* **To do**:
Could you retype, exactly as written, every line from the top of the records through the line that contains "theory Defs"?

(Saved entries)
(* Fix $0<\varepsilon<\frac1{10}$. Let $n$ be a positive integer, $m=\lceil n/\log^8 n\rceil$, and let $\pi_R,\pi_B:[n]\to[m]$ be independent uniformly random functions. Let $s=\lceil\varepsilon n\rceil$ and let $\mathcal E(\varepsilon)$ be the event that for every $s$-pairing $P$ in $[n]$, at least one of $\pi_R,\pi_B$ is $\varepsilon$-respectful of $P$. Then $\mathcal E(\varepsilon)$ holds with probability tending to $1$ as $n\to\infty$.
   Context: Logarithms are natural. An $s$-pairing in $[n]$ is a collection $\{(u_1,v_1),\dots,(u_s,v_s)\}$ of pairs where $u_1,\dots,u_s,v_1,\dots,v_s$ are distinct elements of $[n]$. A map $\pi:[n]\to[m]$ is $\varepsilon$-respectful of such a pairing if there is $I\subseteq[s]$ with $|I|\geq\varepsilon s$ such that $\pi(u_i)\neq\pi(v_i)$ for all $i\in I$ and the unordered pairs $\{\pi(u_i),\pi(v_i)\}$, $i\in I$, are pairwise distinct. *)

theory Defs
  imports "HOL-Probability.Probability"
begin

definition is_pairing :: "nat \<Rightarrow> nat \<Rightarrow> (nat \<times> nat) list \<Rightarrow> bool" where
  "is_pairing n s ps \<longleftrightarrow> length ps = s \<and> distinct (map fst ps @ map snd ps)
     \<and> set (map fst ps @ map snd ps) \<subseteq> {1..n}"

definition respectful :: "real \<Rightarrow> (nat \<Rightarrow> nat) \<Rightarrow> (nat \<times> nat) list \<Rightarrow> bool" where
  "respectful eps f ps \<longleftrightarrow>
     (\<exists>I \<subseteq> {..<length ps}. real (card I) \<ge> eps * real (length ps)
        \<and> (\<forall>i\<in>I. f (fst (ps ! i)) \<noteq> f (snd (ps ! i)))
        \<and> inj_on (\<lambda>i. {f (fst (ps ! i)), f (snd (ps ! i))}) I)"

definition m_of :: "nat \<Rightarrow> nat" where
  "m_of n = nat \<lceil>real n / (ln (real n)) ^ 8\<rceil>"

definition s_of :: "real \<Rightarrow> nat \<Rightarrow> nat" where
  "s_of eps n = nat \<lceil>eps * real n\<rceil>"

definition event_E :: "real \<Rightarrow> nat \<Rightarrow> (nat \<Rightarrow> nat) \<times> (nat \<Rightarrow> nat) \<Rightarrow> bool" where
  "event_E eps n pp \<longleftrightarrow> (\<forall>ps. is_pairing n (s_of eps n) ps \<longrightarrow>
       respectful eps (fst pp) ps \<or> respectful eps (snd pp) ps)"

definition two_maps :: "nat \<Rightarrow> ((nat \<Rightarrow> nat) \<times> (nat \<Rightarrow> nat)) pmf" where
  "two_maps n = pmf_of_set (({1..n} \<rightarrow>\<^sub>E {1..m_of n}) \<times> ({1..n} \<rightarrow>\<^sub>E {1..m_of n}))"

end

theory Submission
  imports Defs "HOL-Real_Asymp.Real_Asymp"
begin

(* A union bound. If neither pi_R nor pi_B is eps-respectful of a pairing with pair set S, each
   of them has fewer than eps s distinct unordered image pairs on S, so it maps every pair of S
   into a pattern Z of at most k = m + 2 eps s ordered pairs (the diagonal and both orientations
   of the image pairs). There are at most (e n^2 / s)^s choices of S, at most (k + 1) m^(2k) of
   each pattern, and at most k^s m^(n - 2s) maps sending the pairs of S into a given pattern, so
   E(eps) fails with probability at most (k + 1)^2 m^(4k) (e n^2 k^2 / (s m^4))^s. As
   4k <= 4m + 8 eps s with 8 eps < 1 and m is about n / log^8 n, the logarithm of this bound is
   at most -(eps / 10) n log n + O(n / log^7 n), which is below -log n for large n. *)

lemma pow_div_fact_le_exp:
  fixes x :: real
  assumes "x \<ge> 0"
  shows "x ^ s / fact s \<le> exp x"
proof -
  have "(\<Sum>n\<in>{s}. x ^ n / fact n) \<le> (\<Sum>n. x ^ n / fact n)"
    using summable_exp_generic[of x] assms
    by (intro sum_le_suminf) (auto simp: divide_inverse ac_simps)
  also have "\<dots> = exp x"
    by (simp add: exp_def divide_inverse ac_simps)
  finally show ?thesis
    by simp
qed

lemma binomial_le_exp_mult_div_pow:
  assumes "s > 0"
  shows "real (N choose s) \<le> (exp 1 * N / s) ^ s"
proof -
  have "real (N choose s) * fact s \<le> real N ^ s"
    using binomial_fact_pow[of N s] by (metis of_nat_fact of_nat_le_iff of_nat_mult of_nat_power)
  then have "real (N choose s) \<le> real N ^ s / fact s"
    by (simp add: field_simps)
  also have "\<dots> = (N / s) ^ s * (real s ^ s / fact s)"
    using assms by (simp add: power_divide)
  also have "\<dots> \<le> (N / s) ^ s * exp (real s)"
    by (intro mult_left_mono pow_div_fact_le_exp) auto
  also have "\<dots> = (exp 1 * N / s) ^ s"
    by (simp add: power_divide power_mult_distrib flip: exp_of_nat_mult)
  finally show ?thesis .
qed

lemma card_subsets_card_le:
  assumes "finite U" "card U \<ge> 1"
  shows "card {Z. Z \<subseteq> U \<and> card Z \<le> k} \<le> (k + 1) * card U ^ k"
proof -
  have "{Z. Z \<subseteq> U \<and> card Z \<le> k} = (\<Union>j\<le>k. {Z. Z \<subseteq> U \<and> card Z = j})"
    by auto
  then have "card {Z. Z \<subseteq> U \<and> card Z \<le> k} \<le> (\<Sum>j\<le>k. card {Z. Z \<subseteq> U \<and> card Z = j})"
    by (simp add: card_UN_le)
  also have "\<dots> \<le> (\<Sum>j\<le>k. card U ^ k)"
  proof (intro sum_mono)
    fix j assume "j \<in> {..k}"
    have "card {Z. Z \<subseteq> U \<and> card Z = j} = card U choose j"
      by (rule n_subsets[OF assms(1)])
    also have "\<dots> \<le> card U ^ j"
      by (cases "j \<le> card U") (auto simp: binomial_le_pow binomial_eq_0)
    also have "\<dots> \<le> card U ^ k"
      using assms(2) \<open>j \<in> {..k}\<close> by (intro power_increasing) auto
    finally show "card {Z. Z \<subseteq> U \<and> card Z = j} \<le> card U ^ k" .
  qed
  finally show ?thesis
    by simp
qed

lemma card_UN_le_card_mult:
  assumes "finite I" "\<And>i. i \<in> I \<Longrightarrow> card (A i) \<le> K"
  shows "card (\<Union>i\<in>I. A i) \<le> card I * K"
  using card_UN_le[OF assms(1), of A] sum_bounded_above[of I "\<lambda>i. card (A i)" K] assms(2)
  by simp

definition endpoints :: "('a \<times> 'a) set \<Rightarrow> 'a set" where
  "endpoints S = fst ` S \<union> snd ` S"

definition pair_constrained_maps ::
    "'a set \<Rightarrow> 'b set \<Rightarrow> ('a \<times> 'a) set \<Rightarrow> ('b \<times> 'b) set \<Rightarrow> ('a \<Rightarrow> 'b) set" where
  "pair_constrained_maps D M S Z = {f \<in> D \<rightarrow>\<^sub>E M. \<forall>p\<in>S. (f (fst p), f (snd p)) \<in> Z}"

lemma card_pair_constrained_maps_le:
  assumes "finite D" "finite M" "finite S" "finite Z" "endpoints S \<subseteq> D"
  shows "card (pair_constrained_maps D M S Z) \<le> card Z ^ card S * card M ^ card (D - endpoints S)"
proof -
  define F where "F = pair_constrained_maps D M S Z"
  define h where "h f = (restrict (\<lambda>p. (f (fst p), f (snd p))) S, restrict f (D - endpoints S))"
    for f :: "'a \<Rightarrow> 'b"
  have "h ` F \<subseteq> (S \<rightarrow>\<^sub>E Z) \<times> (D - endpoints S \<rightarrow>\<^sub>E M)"
    by (auto simp: h_def F_def pair_constrained_maps_def)
  moreover have "inj_on h F"
  proof (rule inj_onI)
    fix f g assume f: "f \<in> F" and g: "g \<in> F" and eq: "h f = h g"
    have "f x = g x" if "x \<in> D" for x
    proof (cases "x \<in> endpoints S")
      case True
      then obtain u v where "(u, v) \<in> S" "x = u \<or> x = v"
        by (auto simp: endpoints_def)
      with fun_cong[OF arg_cong[where f = fst, OF eq], of "(u, v)"] show ?thesis
        by (auto simp: h_def)
    next
      case False
      with that fun_cong[OF arg_cong[where f = snd, OF eq], of x] show ?thesis
        by (simp add: h_def)
    qed
    with f g show "f = g"
      by (intro extensionalityI[where A = D]) (auto simp: F_def pair_constrained_maps_def PiE_iff)
  qed
  ultimately have "card F \<le> card ((S \<rightarrow>\<^sub>E Z) \<times> (D - endpoints S \<rightarrow>\<^sub>E M))"
    using assms by (intro card_inj_on_le) (auto intro!: finite_PiE)
  also have "\<dots> = card Z ^ card S * card M ^ card (D - endpoints S)"
    using assms by (simp add: card_cartesian_product card_PiE)
  finally show ?thesis
    unfolding F_def .
qed

definition pair_images :: "('a \<Rightarrow> 'b) \<Rightarrow> ('a \<times> 'a) set \<Rightarrow> 'b set set" where
  "pair_images f S = (\<lambda>p. {f (fst p), f (snd p)}) ` {p \<in> S. f (fst p) \<noteq> f (snd p)}"

lemma respectful_if_card_pair_images_ge:
  assumes "real (card (pair_images f (set ps))) \<ge> eps * real (length ps)"
  shows "respectful eps f ps"
proof -
  define c where "c i = {f (fst (ps ! i)), f (snd (ps ! i))}" for i
  define G where "G = {i. i < length ps \<and> f (fst (ps ! i)) \<noteq> f (snd (ps ! i))}"
  have "{p \<in> set ps. f (fst p) \<noteq> f (snd p)} = (!) ps ` G"
    by (force simp: G_def in_set_conv_nth)
  then have "pair_images f (set ps) = c ` G"
    by (simp add: pair_images_def c_def image_image)
  moreover obtain I where I: "I \<subseteq> G" "inj_on c I" "c ` G = c ` I"
    using subset_image_inj[of "c ` G" c G] by auto
  ultimately have "card (pair_images f (set ps)) = card I"
    by (simp add: card_image)
  moreover have "I \<subseteq> {..<length ps}" "\<forall>i\<in>I. f (fst (ps ! i)) \<noteq> f (snd (ps ! i))"
    using I(1) by (auto simp: G_def)
  ultimately show ?thesis
    using assms I(2) unfolding respectful_def c_def[symmetric] by auto
qed

definition pair_pattern :: "'b set \<Rightarrow> 'b set set \<Rightarrow> ('b \<times> 'b) set" where
  "pair_pattern M C = {(a, b) \<in> M \<times> M. a = b \<or> {a, b} \<in> C}"

lemma ordered_pairs_of_doubleton: "{(a, b). {a, b} = {x, y}} = {(x, y), (y, x)}"
  by (auto simp: doubleton_eq_iff)

lemma card_pair_pattern_le:
  fixes M :: "'a set"
  assumes "finite M" "finite C" "\<forall>c\<in>C. \<exists>x y. c = {x, y}"
  shows "card (pair_pattern M C) \<le> card M + 2 * card C"
proof -
  define orient where "orient c = {(a, b). {a, b} = c}" for c :: "'a set"
  have orient: "finite (orient c)" "card (orient c) \<le> 2" if c: "c \<in> C" for c
  proof -
    obtain x y where "c = {x, y}"
      using assms(3) c by blast
    then show "finite (orient c)" "card (orient c) \<le> 2"
      by (simp_all add: orient_def ordered_pairs_of_doubleton card_insert_le_m1)
  qed
  have "pair_pattern M C \<subseteq> (\<lambda>a. (a, a)) ` M \<union> (\<Union>c\<in>C. orient c)"
    by (auto simp: pair_pattern_def orient_def)
  then have "card (pair_pattern M C) \<le> card ((\<lambda>a. (a, a)) ` M \<union> (\<Union>c\<in>C. orient c))"
    using assms(1,2) orient(1) by (intro card_mono) auto
  also have "\<dots> \<le> card ((\<lambda>a. (a, a)) ` M) + card (\<Union>c\<in>C. orient c)"
    by (rule card_Un_le)
  also have "\<dots> \<le> card M + (\<Sum>c\<in>C. card (orient c))"
    using assms by (intro add_mono card_image_le card_UN_le)
  also have "\<dots> \<le> card M + 2 * card C"
    using orient(2) sum_bounded_above[of C "\<lambda>c. card (orient c)" 2] by simp
  finally show ?thesis .
qed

* **Result**:
(* Fix $0<\varepsilon<\frac1{10}$. Let $n$ be a positive integer, $m=\lceil n/\log^8 n\rceil$, and let $\pi_R,\pi_B:[n]\to[m]$ be independent uniformly random functions. Let $s=\lceil\varepsilon n\rceil$ and let $\mathcal E(\varepsilon)$ be the event that for every $s$-pairing $P$ in $[n]$, at least one of $\pi_R,\pi_B$ is $\varepsilon$-respectful of $P$. Then $\mathcal E(\varepsilon)$ holds with probability tending to $1$ as $n\to\infty$.
   Context: Logarithms are natural. An $s$-pairing in $[n]$ is a collection $\{(u_1,v_1),\dots,(u_s,v_s)\}$ of pairs where $u_1,\dots,u_s,v_1,\dots,v_s$ are distinct elements of $[n]$. A map $\pi:[n]\to[m]$ is $\varepsilon$-respectful of such a pairing if there is $I\subseteq[s]$ with $|I|\geq\varepsilon s$ such that $\pi(u_i)\neq\pi(v_i)$ for all $i\in I$ and the unordered pairs $\{\pi(u_i),\pi(v_i)\}$, $i\in I$, are pairwise distinct. *)

theory Defs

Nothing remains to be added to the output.